» **Task instructions**
The required output is a word-for-word restatement of the material below, from the line with "using assms(6) by (simp_all add: s_def)" through its last line, inclusive.

» **Data for this exercise**
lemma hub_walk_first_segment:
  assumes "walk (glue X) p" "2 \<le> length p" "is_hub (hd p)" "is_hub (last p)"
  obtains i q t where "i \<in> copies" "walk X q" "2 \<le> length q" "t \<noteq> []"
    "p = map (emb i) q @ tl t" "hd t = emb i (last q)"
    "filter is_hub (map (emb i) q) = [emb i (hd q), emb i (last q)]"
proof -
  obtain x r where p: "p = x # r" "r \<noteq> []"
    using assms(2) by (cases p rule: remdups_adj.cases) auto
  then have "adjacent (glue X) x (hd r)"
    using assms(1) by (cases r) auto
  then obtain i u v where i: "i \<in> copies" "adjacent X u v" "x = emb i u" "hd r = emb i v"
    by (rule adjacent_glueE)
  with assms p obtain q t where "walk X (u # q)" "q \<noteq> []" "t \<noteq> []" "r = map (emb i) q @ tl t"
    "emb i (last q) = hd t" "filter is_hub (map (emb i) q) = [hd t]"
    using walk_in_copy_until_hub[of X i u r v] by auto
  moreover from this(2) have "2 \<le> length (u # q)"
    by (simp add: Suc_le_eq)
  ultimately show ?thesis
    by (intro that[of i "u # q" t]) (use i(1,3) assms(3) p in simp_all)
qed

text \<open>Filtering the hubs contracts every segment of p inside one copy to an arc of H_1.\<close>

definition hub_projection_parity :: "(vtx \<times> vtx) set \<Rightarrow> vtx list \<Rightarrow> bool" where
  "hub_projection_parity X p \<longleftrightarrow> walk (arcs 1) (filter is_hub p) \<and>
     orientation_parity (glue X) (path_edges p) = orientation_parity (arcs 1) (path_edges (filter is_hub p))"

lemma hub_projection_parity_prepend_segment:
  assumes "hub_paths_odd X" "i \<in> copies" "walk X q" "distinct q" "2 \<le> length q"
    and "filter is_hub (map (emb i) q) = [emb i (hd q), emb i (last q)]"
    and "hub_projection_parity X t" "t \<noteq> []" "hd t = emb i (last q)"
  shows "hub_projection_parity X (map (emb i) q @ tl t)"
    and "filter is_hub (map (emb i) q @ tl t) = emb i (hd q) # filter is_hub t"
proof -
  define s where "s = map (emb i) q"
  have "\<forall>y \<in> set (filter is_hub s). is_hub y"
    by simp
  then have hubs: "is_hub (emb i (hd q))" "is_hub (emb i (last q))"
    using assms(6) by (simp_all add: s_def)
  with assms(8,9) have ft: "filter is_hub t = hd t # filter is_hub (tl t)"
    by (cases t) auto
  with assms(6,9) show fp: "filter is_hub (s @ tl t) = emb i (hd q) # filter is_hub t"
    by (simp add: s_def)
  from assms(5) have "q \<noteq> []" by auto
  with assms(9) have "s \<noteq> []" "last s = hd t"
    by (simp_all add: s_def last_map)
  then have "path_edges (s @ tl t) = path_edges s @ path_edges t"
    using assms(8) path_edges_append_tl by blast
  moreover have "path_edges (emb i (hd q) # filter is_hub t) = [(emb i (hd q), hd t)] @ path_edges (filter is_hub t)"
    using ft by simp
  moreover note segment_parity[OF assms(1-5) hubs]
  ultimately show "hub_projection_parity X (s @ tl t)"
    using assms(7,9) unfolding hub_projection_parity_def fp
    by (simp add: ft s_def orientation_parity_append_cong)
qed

» **Answer section**
    using assms(6) by (simp_all add: s_def)
  with assms(8,9) have ft: "filter is_hub t = hd t # filter is_hub (tl t)"
    by (cases t) auto
  with assms(6,9) show fp: "filter is_hub (s @ tl t) = emb i (hd q) # filter is_hub t"
    by (simp add: s_def)
  from assms(5) have "q \<noteq> []" by auto
  with assms(9) have "s \<noteq> []" "last s = hd t"
    by (simp_all add: s_def last_map)
  then have "path_edges (s @ tl t) = path_edges s @ path_edges t"
    using assms(8) path_edges_append_tl by blast
  moreover have "path_edges (emb i (hd q) # filter is_hub t) = [(emb i (hd q), hd t)] @ path_edges (filter is_hub t)"
    using ft by simp
  moreover note segment_parity[OF assms(1-5) hubs]
  ultimately show "hub_projection_parity X (s @ tl t)"
    using assms(7,9) unfolding hub_projection_parity_def fp
    by (simp add: ft s_def orientation_parity_append_cong)
qed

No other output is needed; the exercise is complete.